Exercise – Transcribe only part of the material below: the lines from the one containing "using bound[of x]" through the one containing "fix w assume", inclusive, exactly as written.

↓

lemma inverse_square_decay_imp_bound:
  fixes h :: "real \<Rightarrow> 'a::real_normed_vector"
  assumes "continuous_on UNIV h" and "K \<ge> 0"
    and decay: "\<And>x. R \<le> \<bar>x\<bar> \<Longrightarrow> norm (h x) \<le> K / x^2"
  obtains C where "\<And>x. norm (h x) \<le> C * inverse (1 + x^2)"
proof -
  define R' where "R' = max R 1"
  have "compact (h ` {-R'..R'})"
    by (intro compact_continuous_image continuous_on_subset[OF assms(1)]) auto
  then obtain M where M_bound: "\<And>y. y \<in> h ` {-R'..R'} \<Longrightarrow> norm y \<le> M"
    by (meson bounded_iff compact_imp_bounded)
  have M: "norm (h x) \<le> M" if "\<bar>x\<bar> \<le> R'" for x
    using that by (intro M_bound imageI) (simp add: abs_le_iff)
  have "norm (h 0) \<le> M"
    by (rule M) (simp add: R'_def)
  then have "M \<ge> 0"
    by (rule order_trans[OF norm_ge_zero])
  have "norm (h x) \<le> (M * (1 + R'^2) + 2 * K) * inverse (1 + x^2)" for x
  proof (cases "\<bar>x\<bar> \<le> R'")
    case True
    then have "x^2 \<le> R'^2"
      by (metis abs_ge_zero power2_abs power_mono)
    then have "M * (1 + x^2) \<le> M * (1 + R'^2)"
      using \<open>M \<ge> 0\<close> by (intro mult_left_mono) auto
    then have "M \<le> M * (1 + R'^2) * inverse (1 + x^2)"
      by (simp add: pos_le_divide_eq add_pos_nonneg field_simps)
    also have "\<dots> \<le> (M * (1 + R'^2) + 2 * K) * inverse (1 + x^2)"
      using \<open>K \<ge> 0\<close> by (intro mult_right_mono) auto
    finally show ?thesis using M[OF True] by linarith
  next
    case False
    then have "R \<le> \<bar>x\<bar>" and "1 \<le> \<bar>x\<bar>"
      by (auto simp: R'_def)
    then have "1 \<le> x^2"
      by (metis one_le_power power2_abs)
    have "norm (h x) \<le> K / x^2" using \<open>R \<le> \<bar>x\<bar>\<close> by (rule decay)
    also have "\<dots> \<le> 2 * K * inverse (1 + x^2)"
    proof -
      have "K * (1 + x^2) \<le> 2 * K * x^2"
        using mult_left_mono[OF \<open>1 \<le> x^2\<close> \<open>K \<ge> 0\<close>] by (simp add: algebra_simps)
      moreover have "0 < x^2" "0 < 1 + x^2"
        using \<open>1 \<le> x^2\<close> by linarith+
      ultimately show ?thesis
        by (simp add: field_simps)
    qed
    also have "\<dots> \<le> (M * (1 + R'^2) + 2 * K) * inverse (1 + x^2)"
      using \<open>M \<ge> 0\<close> by (intro mult_right_mono) auto
    finally show ?thesis .
  qed
  then show ?thesis by (rule that)
qed

lemma has_integral_UNIV_of_symmetric_limit:
  fixes h :: "real \<Rightarrow> 'a::euclidean_space"
  assumes "continuous_on UNIV h"
    and bound: "\<And>x. norm (h x) \<le> C * inverse (1 + x^2)"
    and lim: "(\<lambda>n. integral {-real n..real n} h) \<longlonglongrightarrow> L"
  shows "(h has_integral L) UNIV"
proof -
  define f where "f n x = (if x \<in> {-real n..real n} then h x else 0)" for n x
  have "h integrable_on {-real n..real n}" for n
    by (intro integrable_continuous_interval continuous_on_subset[OF assms(1)]) auto
  then have f_int: "f n integrable_on UNIV"
    and f_integral: "integral UNIV (f n) = integral {-real n..real n} h" for n
    unfolding f_def integrable_restrict_UNIV integral_restrict_UNIV by simp_all
  have dom_int: "(\<lambda>x. C * inverse (1 + x^2)) integrable_on UNIV"
    using has_integral_mult_right[OF has_integral_inverse_1_plus_square] by (auto simp: integrable_on_def)
  have dom: "norm (f n x) \<le> C * inverse (1 + x^2)" for n x
    using bound[of x] order_trans[OF norm_ge_zero bound[of x]] by (simp add: f_def)
  have conv: "(\<lambda>n. f n x) \<longlonglongrightarrow> h x" for x
  proof (rule tendsto_eventually)
    obtain N :: nat where "\<bar>x\<bar> \<le> real N" using real_arch_simple by blast
    then show "\<forall>\<^sub>F n in sequentially. f n x = h x"
      unfolding eventually_sequentially f_def by (intro exI[of _ N]) auto
  qed
  have "h integrable_on UNIV" "(\<lambda>n. integral UNIV (f n)) \<longlonglongrightarrow> integral UNIV h"
    using dominated_convergence[OF f_int dom_int dom conv] by auto
  moreover from this(2) have "integral UNIV h = L"
    using lim LIMSEQ_unique by (simp add: f_integral)
  ultimately show ?thesis
    using has_integral_integrable_integral by blast
qed

lemma path_image_right_half_circle:
  assumes "0 \<le> T"
  shows "path_image (part_circlepath 0 T (-pi/2) (pi/2)) \<subseteq> {s. 0 \<le> Re s}"
proof
  fix w assume "w \<in> path_image (part_circlepath 0 T (-pi/2) (pi/2))"
  then obtain x where x: "-pi/2 \<le> x" "x \<le> pi/2" "w = of_real T * exp (\<i> * of_real x)"
    by (auto simp: path_image_part_circlepath)
  have "cos x \<ge> 0" using x by (intro cos_ge_zero) auto
  then show "w \<in> {s. 0 \<le> Re s}" using x assms by (simp flip: cis_conv_exp)
qed

lemma imaginary_axis_integral_eq_arc:
  fixes f :: "complex \<Rightarrow> complex"
  assumes hol: "f holomorphic_on {s. 0 \<le> Re s}" and "0 < T"
  shows "integral {-T..T} (\<lambda>x. f (\<i> * of_real x))
    = - \<i> * contour_integral (part_circlepath 0 T (-pi/2) (pi/2)) f"
proof -
  let ?H = "{s. 0 \<le> Re s}"
  let ?c = "part_circlepath 0 T (-pi/2) (pi/2)" and ?l = "linepath (\<i> * of_real T) (- \<i> * of_real T)"
  have "exp (\<i> * of_real (pi/2)) = \<i>" "exp (\<i> * of_real (-pi/2)) = -\<i>"
    by (metis cis_conv_exp cis_pi_half) (metis cis_conv_exp cis_minus_pi_half minus_divide_left)
  then have ends: "pathstart ?c = - \<i> * of_real T" "pathfinish ?c = \<i> * of_real T"
    by (simp_all add: mult.commute)
  have arc: "path_image ?c \<subseteq> ?H"
    using \<open>0 < T\<close> by (intro path_image_right_half_circle) simp
  have line: "path_image ?l \<subseteq> ?H"
    by (auto simp: closed_segment_def)
  have cont: "continuous_on ?H f"
    using hol by (rule holomorphic_on_imp_continuous_on)
  obtain c1 where c1: "(f has_contour_integral c1) ?c"
    using contour_integrable_continuous_part_circlepath[OF continuous_on_subset[OF cont arc]]
    by (auto simp: contour_integrable_on_def)
  obtain c2 where c2: "(f has_contour_integral c2) ?l"
    using contour_integrable_continuous_linepath[OF continuous_on_subset[OF cont line[unfolded path_image_linepath]]]
    by (auto simp: contour_integrable_on_def)
  have "(f has_contour_integral 0) (?c +++ ?l)"
  proof (rule Cauchy_theorem_convex_simple[OF hol convex_halfspace_Re_ge])
    show "valid_path (?c +++ ?l)" using ends by (intro valid_path_join) auto
    show "path_image (?c +++ ?l) \<subseteq> ?H" using ends arc line by (subst path_image_join) auto
    show "pathfinish (?c +++ ?l) = pathstart (?c +++ ?l)" using ends by simp
  qed
  moreover have "(f has_contour_integral (c1 + c2)) (?c +++ ?l)"
    using ends by (intro has_contour_integral_join[OF c1 c2]) auto
  ultimately have "0 = c1 + c2"
    by (rule has_contour_integral_unique)
  then have "c2 = - c1"
    by (simp add: eq_neg_iff_add_eq_0 add.commute)
  then have "(f has_contour_integral c1) (linepath (- \<i> * of_real T) (\<i> * of_real T))"
    using has_contour_integral_reverse_linepath[OF c2] by simp
  then have "((\<lambda>x. f (Complex 0 x)) has_integral (- \<i> * c1)) {-T..T}"
    using \<open>0 < T\<close> by (subst (asm) has_contour_integral_linepath_same_Re_iff[where c=0 and a="-T" and b=T]) auto
  moreover have "(\<lambda>x. f (Complex 0 x)) = (\<lambda>x. f (\<i> * of_real x))"
    by (rule ext, rule arg_cong[where f=f]) (simp add: complex_eq_iff)
  ultimately show ?thesis
    using contour_integral_unique[OF c1] by (simp add: integral_unique)
qed

lemma imaginary_axis_segment_integral_bound:
  fixes f :: "complex \<Rightarrow> complex"
  assumes hol: "f holomorphic_on {s. 0 \<le> Re s}" and "0 \<le> K"
    and decay: "\<And>s. 0 \<le> Re s \<Longrightarrow> R \<le> norm s \<Longrightarrow> norm (f s) \<le> K / (norm s)^2"
    and "R \<le> T" and "0 < T"
  shows "norm (integral {-T..T} (\<lambda>x. f (\<i> * of_real x))) \<le> K * pi / T"
proof -
  let ?c = "part_circlepath 0 T (-pi/2) (pi/2)"
  have arc: "path_image ?c \<subseteq> {s. 0 \<le> Re s}"
    using \<open>0 < T\<close> by (intro path_image_right_half_circle) simp
  have "f contour_integrable_on ?c"
    by (rule contour_integrable_continuous_part_circlepath
        [OF continuous_on_subset[OF holomorphic_on_imp_continuous_on[OF hol] arc]])
  then have "(f has_contour_integral contour_integral ?c f) ?c"
    by (rule has_contour_integral_integral)
  then have bound: "norm (contour_integral ?c f) \<le> K / T^2 * T * (pi/2 - (-pi/2))"
  proof (rule has_contour_integral_bound_part_circlepath)
    fix s assume s: "s \<in> path_image ?c"
    then have "norm s = T"
      using in_path_image_part_circlepath[OF s] \<open>0 < T\<close> by simp
    moreover have "0 \<le> Re s"
      using arc s by auto
    ultimately show "norm (f s) \<le> K / T^2"
      using decay[of s] \<open>R \<le> T\<close> by simp
  qed (use \<open>0 \<le> K\<close> \<open>0 < T\<close> in auto)
  have "norm (integral {-T..T} (\<lambda>x. f (\<i> * of_real x))) = norm (contour_integral ?c f)"
    by (simp add: imaginary_axis_integral_eq_arc[OF hol \<open>0 < T\<close>] norm_mult)
  also have "\<dots> \<le> K / T^2 * T * (pi/2 - (-pi/2))"
    by (rule bound)
  also have "\<dots> = K * pi / T"
    using \<open>0 < T\<close> by (simp add: power2_eq_square)
  finally show ?thesis .
qed
(* For $n\ge 3$, the commutator subgroup $[P_n,P_n]$ of the pure braid group $P_n$ is densely ordered by the restriction of the Dehornoy ordering of $B_n$.
   Context: $B_n$ is the Artin braid group with generators $\sigma_1,\dots,\sigma_{n-1}$; $P_n$ is the kernel of the natural map $B_n\to S_n$ to the symmetric group. A word in the generators is $i$-positive if it contains only $\sigma_1,\dots,\sigma_i$ and their inverses, $\sigma_i$ occurs, and every occurrence of $\sigma_i$ has positive exponent; a braid is $i$-positive if some representative word is. The Dehornoy ordering is the left-invariant total order on $B_n$ whose positive cone consists of all braids that are $i$-positive for some $i$. A subgroup is densely ordered if it has no least positive element (equivalently, between any two of its elements lies a third). *)

theory Defs
  imports Main
begin

text \<open>Braid words: a letter (i, True) stands for sigma_i, (i, False) for sigma_i inverse.
  The braid group B_n is the set of words over indices 1..n-1 modulo braid_eq n.\<close>

type_synonym bword = "(nat \<times> bool) list"

definition valid_word :: "nat \<Rightarrow> bword \<Rightarrow> bool" where
  "valid_word n w \<longleftrightarrow> (\<forall>(i, b) \<in> set w. 1 \<le> i \<and> i < n)"

definition inv_word :: "bword \<Rightarrow> bword" where
  "inv_word w = rev (map (\<lambda>(i, b). (i, \<not> b)) w)"
lemma quad_form_two_point:
  assumes "i < m" "j < m" "i \<noteq> j"
  shows "quad_form m (\<lambda>x. (if x = i then \<alpha> else 0) + (if x = j then \<beta> else 0)) A
       = cnj \<alpha> * \<alpha> * A i i + cnj \<alpha> * \<beta> * A i j + cnj \<beta> * \<alpha> * A j i + cnj \<beta> * \<beta> * A j j"
  using assms by (subst quad_form_supported[of "{i, j}"]) (auto simp: algebra_simps)

lemma psd_diag_nonneg: "psd m A \<Longrightarrow> s < m \<Longrightarrow> 0 \<le> A s s"
  unfolding psd_iff_quad_form by (metis quad_form_unit)

lemma psd_hermitian:
  assumes "psd m A" "i < m" "j < m"
  shows "A j i = cnj (A i j)"
proof (cases "i = j")
  case True
  then show ?thesis
    using psd_diag_nonneg[OF assms(1,2)] by (simp add: less_eq_complex_def complex_eq_iff)
next
  case False
  have "0 \<le> quad_form m (\<lambda>x. (if x = i then 1 else 0) + (if x = j then \<beta> else 0)) A" for \<beta>
    using assms(1) by (simp add: psd_iff_quad_form)
  from this[of 1] this[of \<i>] psd_diag_nonneg[OF assms(1)] assms(2,3) show ?thesis
    unfolding quad_form_two_point[OF assms(2,3) False]
    by (simp add: less_eq_complex_def complex_eq_iff)
qed

lemma cnj_mult_self: "cnj z * z = of_real ((cmod z)\<^sup>2)"
  using complex_norm_square[of z] by (simp add: mult.commute)

text \<open>Stated with \<open>Suc 0\<close>, the simp normal form of \<open>1 :: nat\<close>.\<close>

lemma psd_one_iff: "psd (Suc 0) A \<longleftrightarrow> 0 \<le> A 0 0"
proof
  assume "0 \<le> A 0 0"
  moreover have "quad_form (Suc 0) v A = (cnj (v 0) * v 0) * A 0 0" for v
    by (simp add: quad_form_def mult_ac)
  ultimately show "psd (Suc 0) A"
    unfolding psd_iff_quad_form cnj_mult_self
    by (intro allI mult_nonneg_nonneg) (simp_all add: less_eq_complex_def del: of_real_power)
qed (simp add: psd_diag_nonneg)

lemma psd_restrict_Suc: "psd (Suc m) A \<Longrightarrow> psd m A"
  unfolding psd_iff_quad_form
proof
  fix v assume psd: "\<forall>w. 0 \<le> quad_form (Suc m) w A"
  have "quad_form (Suc m) (\<lambda>x. if x < m then v x else 0) A = quad_form m v A"
    by (subst quad_form_supported[of "{..<m}"]) (auto simp: quad_form_def)
  with psd show "0 \<le> quad_form m v A" by metis
qed

lemma psd_zero_diag_imp_zero:
  assumes psd: "psd (Suc m) A" and zero: "A m m = 0" and i: "i < m"
  shows "A i m = 0"
proof -
  define c where "c = A i m"
  define a where "a = Re (A i i)"
  have a: "0 \<le> a" "A i i = of_real a"
    using psd_diag_nonneg[OF psd, of i] i by (auto simp: a_def less_eq_complex_def complex_eq_iff)
  have A_mi: "A m i = cnj c"
    unfolding c_def using psd_hermitian[OF psd, of i m] i by simp
  define r where "r = 1 / (a + 1)"
  have r: "0 < r" "r * a < 1"
    unfolding r_def using a(1) by (auto simp: field_simps)
  \<comment> \<open>Test the form on \<open>t e\<^sub>i + e\<^sub>m\<close> with \<open>t = - r c\<close>; its value \<open>r (r a - 2) |c|\<^sup>2\<close> is negative unless \<open>c = 0\<close>.\<close>
  define t where "t = - of_real r * c"
  have "0 \<le> quad_form (Suc m) (\<lambda>x. (if x = i then t else 0) + (if x = m then 1 else 0)) A"
    using psd by (simp add: psd_iff_quad_form)
  also have "quad_form (Suc m) (\<lambda>x. (if x = i then t else 0) + (if x = m then 1 else 0)) A
      = of_real (r * (r * a - 2)) * (cnj c * c)"
    unfolding quad_form_two_point[OF less_SucI[OF i] lessI less_not_refl3[OF i]]
      a(2) zero A_mi t_def c_def[symmetric]
    by (simp add: algebra_simps)
  also have "\<dots> = of_real (r * (r * a - 2) * (cmod c)\<^sup>2)"
    by (simp only: cnj_mult_self of_real_mult)
  finally have "0 \<le> r * (r * a - 2) * (cmod c)\<^sup>2"
    by (simp add: less_eq_complex_def)
  moreover have "r * (r * a - 2) < 0"
    using r by (intro mult_pos_neg) auto
  ultimately have "(cmod c)\<^sup>2 \<le> 0"
    using r by (auto simp: zero_le_mult_iff)
  then show ?thesis
    unfolding c_def by simp
qed

lemma psd_schur_complement:
  assumes psd: "psd (Suc m) A" and a: "A m m = of_real a" "0 < a"
  shows "psd m (\<lambda>i j. A i j - A i m * A m j / A m m)"
  unfolding psd_iff_quad_form
proof
  fix v
  define \<beta> where "\<beta> = (\<Sum>j<m. A m j * v j)"
  have col: "(\<Sum>i<m. cnj (v i) * A i m) = cnj \<beta>"
    unfolding \<beta>_def cnj_sum using psd_hermitian[OF psd, of m]
    by (intro sum.cong refl) (simp add: mult.commute)
  \<comment> \<open>Extending \<open>v\<close> by the entry minimising the form turns it into the Schur complement form.\<close>
  define w where "w x = (if x < m then v x else - \<beta> / A m m)" for x
  have "quad_form (Suc m) w A = quad_form m v A + cnj \<beta> * w m + cnj (w m) * \<beta> + cnj (w m) * A m m * w m"
    unfolding quad_form_Suc by (simp add: w_def quad_form_cong[of m w v] col \<beta>_def)
  also have "\<dots> = quad_form m v A - cnj \<beta> * \<beta> / A m m"
    using a by (simp add: w_def field_simps)
  also have "cnj \<beta> * \<beta> = (\<Sum>i<m. cnj (v i) * A i m) * (\<Sum>j<m. A m j * v j)"
    by (simp only: col \<beta>_def)
  also have "\<dots> = (\<Sum>i<m. \<Sum>j<m. cnj (v i) * A i m * (A m j * v j))"
    by (rule sum_product)
  also have "quad_form m v A - \<dots> / A m m = quad_form m v (\<lambda>i j. A i j - A i m * A m j / A m m)"
    unfolding quad_form_def by (simp add: algebra_simps sum_subtractf sum_divide_distrib)
  finally show "0 \<le> quad_form m v (\<lambda>i j. A i j - A i m * A m j / A m m)"
    using psd by (metis psd_iff_quad_form)
qed

lemma gram_extend_schur_complement:
  assumes herm: "\<And>j. j < Suc m \<Longrightarrow> A m j = cnj (A j m)" and a: "A m m = of_real a" "0 < a"
    and w: "\<forall>i<m. \<forall>j<m. A i j - A i m * A m j / A m m = (\<Sum>r<m. w r i * cnj (w r j))"
  shows "\<exists>w'. \<forall>i<Suc m. \<forall>j<Suc m. A i j = (\<Sum>r<Suc m. w' r i * cnj (w' r j))"
proof -
  \<comment> \<open>The new Gram vector is the last column of \<open>A\<close> scaled by \<open>1/\<surd>a\<close>.\<close>
  define w' where "w' r i = (if r < m then if i < m then w r i else 0 else A i m / of_real (sqrt a))" for r i
  have last: "w' m i * cnj (w' m j) = A i m * A m j / A m m" if "j < Suc m" for i j
  proof -
    have "of_real (sqrt a) * of_real (sqrt a) = A m m"
      using a by (simp flip: of_real_mult)
    then show ?thesis
      using herm[OF that] by (simp add: w'_def)
  qed
  have "A i j = (\<Sum>r<Suc m. w' r i * cnj (w' r j))" if "i < Suc m" "j < Suc m" for i j
  proof -
    have "(\<Sum>r<m. w' r i * cnj (w' r j)) = (if i < m \<and> j < m then A i j - A i m * A m j / A m m else 0)"
      using w by (auto simp: w'_def)
    then show ?thesis
      using that a last[OF that(2)] by (auto simp: less_Suc_eq)
  qed
  then show ?thesis by blast
qed
(* Let $N\ge 2$, $T\ge1$, $\alpha\in(0,1)$, $\eta>0$, and define the Tsallis entropy $S_\alpha(p)=\frac{1}{1-\alpha}\big(1-\sum_{i=1}^N p_i^\alpha\big)$ for $p\in\Delta_N$ and $\tilde\Phi(G)=\max_{p\in\Delta_N}\{\langle p,G\rangle-\eta S_\alpha(p)\}$. Then for every loss sequence $g_1,\dots,g_T\in[-1,0]^N$ fixed in advance, the algorithm GBPA$(\tilde\Phi)$ has expected regret \[\mathbb{E}\,\mathrm{Regret}_T\le \eta\,\frac{N^{1-\alpha}-1}{1-\alpha}+\frac{N^\alpha T}{2\eta\alpha}.\]
   Context: $\Delta_N$ is the probability simplex in $\mathbb{R}^N$, $e_i$ the standard basis vector. Algorithm GBPA$(\tilde\Phi)$: set $\hat G_0=0$; for $t=1,\dots,T$: sample arm $i_t$ according to $p_t=\nabla\tilde\Phi(\hat G_{t-1})$; incur and observe only $g_{t,i_t}$; set $\hat G_t=\hat G_{t-1}+\frac{g_{t,i_t}}{p_{t,i_t}}e_{i_t}$. Regret is $\mathrm{Regret}_T=\max_{i}\sum_{t=1}^T(g_{t,i}-g_{t,i_t})$ and the expectation is over the algorithm's sampling. *)

theory Defs
  imports "HOL-Analysis.Analysis"
begin

definition prob_simplex :: "(real ^ 'n::finite) set" where
  "prob_simplex = {p. (\<forall>i. 0 \<le> p $ i) \<and> (\<Sum>i\<in>UNIV. p $ i) = 1}"

definition tsallis :: "real \<Rightarrow> real ^ 'n::finite \<Rightarrow> real" where
  "tsallis \<alpha> p = (1 - (\<Sum>i\<in>UNIV. (p $ i) powr \<alpha>)) / (1 - \<alpha>)"

definition PhiT :: "real \<Rightarrow> real \<Rightarrow> real ^ 'n::finite \<Rightarrow> real" where
  "PhiT \<eta> \<alpha> G = (SUP p\<in>prob_simplex. inner p G - \<eta> * tsallis \<alpha> p)"

definition grad :: "(real ^ 'n::finite \<Rightarrow> real) \<Rightarrow> real ^ 'n \<Rightarrow> real ^ 'n" where
  "grad f x = (SOME D. GDERIV f x :> D)"

text \<open>GBPA run along a fixed history h of sampled arms (h t = arm sampled in round t, t \<ge> 1):
  estimated cumulative gain vector \<open>Ghat t\<close> after t rounds.\<close>
fun Ghat :: "(real ^ 'n::finite \<Rightarrow> real) \<Rightarrow> (nat \<Rightarrow> real ^ 'n) \<Rightarrow> (nat \<Rightarrow> 'n) \<Rightarrow> nat \<Rightarrow> real ^ 'n" where
  "Ghat Phi g h 0 = 0"
| "Ghat Phi g h (Suc t) =
     Ghat Phi g h t
     + (g (Suc t) $ h (Suc t) / grad Phi (Ghat Phi g h t) $ h (Suc t)) *\<^sub>R axis (h (Suc t)) 1"

definition pdist :: "(real ^ 'n::finite \<Rightarrow> real) \<Rightarrow> (nat \<Rightarrow> real ^ 'n) \<Rightarrow> (nat \<Rightarrow> 'n) \<Rightarrow> nat \<Rightarrow> real ^ 'n" where
  "pdist Phi g h t = grad Phi (Ghat Phi g h (t - 1))"

definition hist_prob :: "(real ^ 'n::finite \<Rightarrow> real) \<Rightarrow> (nat \<Rightarrow> real ^ 'n) \<Rightarrow> nat \<Rightarrow> (nat \<Rightarrow> 'n) \<Rightarrow> real" where
  "hist_prob Phi g T h = (\<Prod>t=1..T. pdist Phi g h t $ h t)"

definition regret :: "(nat \<Rightarrow> real ^ 'n::finite) \<Rightarrow> nat \<Rightarrow> (nat \<Rightarrow> 'n) \<Rightarrow> real" where
  "regret g T h = Max (range (\<lambda>i. \<Sum>t=1..T. g t $ i - g t $ h t))"

definition expected_regret :: "(real ^ 'n::finite \<Rightarrow> real) \<Rightarrow> (nat \<Rightarrow> real ^ 'n) \<Rightarrow> nat \<Rightarrow> real" where
  "expected_regret Phi g T =
     (\<Sum>h\<in>PiE {1..T} (\<lambda>_. UNIV). hist_prob Phi g T h * regret g T h)"

end

theory Submission
  imports Defs
begin

text \<open>
  The maximiser of \<open>\<langle>p, G\<rangle> - \<eta> S\<^sub>\<alpha>(p)\<close> over the simplex has the closed form
  \<open>p\<^sub>j = (c / (\<lambda> - G\<^sub>j))\<^bsup>1/(1-\<alpha>)\<^esup>\<close> with \<open>c = \<eta>\<alpha>/(1-\<alpha>)\<close> and a normalising multiplier \<open>\<lambda>\<close>.
  Sandwiching the increments of the potential between \<open>\<langle>p(G), G' - G\<rangle>\<close> and \<open>\<langle>p(G'), G' - G\<rangle>\<close>
  shows that \<open>\<Phi>\<close> is differentiable with gradient \<open>p\<close>, so GBPA samples from this maximiser.

  The usual GBPA argument then applies to any potential whose gradient is a positive probability
  vector: the importance-weighted estimates are unbiased and \<open>\<Phi>\<close> dominates every coordinate,
  so the expected regret is at most \<open>\<Phi>(0)\<close> plus, per round, the expected Bregman divergence of one
  update. By concavity of \<open>x\<^sup>\<alpha>\<close>, \<open>\<Phi>(0) \<le> \<eta>(N\<^bsup>1-\<alpha>\<^esup> - 1)/(1-\<alpha>)\<close>. Lowering \<open>G\<^sub>j\<close> by \<open>u\<close> lowers
  \<open>p\<^sub>j\<close> by at most \<open>u p\<^sub>j\<^bsup>2-\<alpha>\<^esup>/(\<eta>\<alpha>)\<close>, so the divergence of one round is at most
  \<open>\<Sum>\<^sub>j p\<^sub>j\<^bsup>1-\<alpha>\<^esup>/(2\<eta>\<alpha>) \<le> N\<^sup>\<alpha>/(2\<eta>\<alpha>)\<close>.
\<close>

section \<open>Power inequalities and gradients\<close>

lemma powr_le_tangent:
  fixes x p a :: real
  assumes "0 \<le> x" "0 < p" "0 < a" "a < 1"
  shows "x powr a \<le> p powr a + a * p powr (a - 1) * (x - p)"
proof (cases "x = 0")
  case True
  have "p powr (a - 1) * p = p powr a" using assms by (simp add: powr_diff)
  then show ?thesis using True assms by (simp add: algebra_simps)
next
  case False
  hence x: "x > 0" using assms by simp
  have "x powr a * p powr (1 - a) \<le> a * x + (1 - a) * p"
    using Youngs_inequality_0[of a "1 - a" x p] assms x by simp
  hence "x powr a * p powr (1 - a) * p powr (a - 1) \<le> (a * x + (1 - a) * p) * p powr (a - 1)"
    by (rule mult_right_mono) simp
  moreover have "p powr (1 - a) * p powr (a - 1) = 1" using assms by (simp flip: powr_add)
  moreover have "p powr (a - 1) * p = p powr a" using assms by (simp add: powr_diff)
  ultimately show ?thesis by (simp add: algebra_simps)
qed

lemma tangent_le_powr_neg:
  fixes t g :: real
  assumes "0 < t" "0 \<le> g"
  shows "1 + g * (1 - t) \<le> t powr (-g)"
proof -
  have "g * ln t \<le> g * (t - 1)" using ln_le_minus_one[OF assms(1)] assms by (intro mult_left_mono)
  hence "1 + g * (1 - t) \<le> 1 + (- g * ln t)" by (simp add: algebra_simps)
  also have "\<dots> \<le> exp (- g * ln t)" by (rule exp_ge_add_one_self)
  also have "\<dots> = t powr (-g)" using assms by (simp add: powr_def)
  finally show ?thesis .
qed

↑

Result for this exercise –
    using bound[of x] order_trans[OF norm_ge_zero bound[of x]] by (simp add: f_def)
  have conv: "(\<lambda>n. f n x) \<longlonglongrightarrow> h x" for x
  proof (rule tendsto_eventually)
    obtain N :: nat where "\<bar>x\<bar> \<le> real N" using real_arch_simple by blast
    then show "\<forall>\<^sub>F n in sequentially. f n x = h x"
      unfolding eventually_sequentially f_def by (intro exI[of _ N]) auto
  qed
  have "h integrable_on UNIV" "(\<lambda>n. integral UNIV (f n)) \<longlonglongrightarrow> integral UNIV h"
    using dominated_convergence[OF f_int dom_int dom conv] by auto
  moreover from this(2) have "integral UNIV h = L"
    using lim LIMSEQ_unique by (simp add: f_integral)
  ultimately show ?thesis
    using has_integral_integrable_integral by blast
qed

lemma path_image_right_half_circle:
  assumes "0 \<le> T"
  shows "path_image (part_circlepath 0 T (-pi/2) (pi/2)) \<subseteq> {s. 0 \<le> Re s}"
proof
  fix w assume "w \<in> path_image (part_circlepath 0 T (-pi/2) (pi/2))"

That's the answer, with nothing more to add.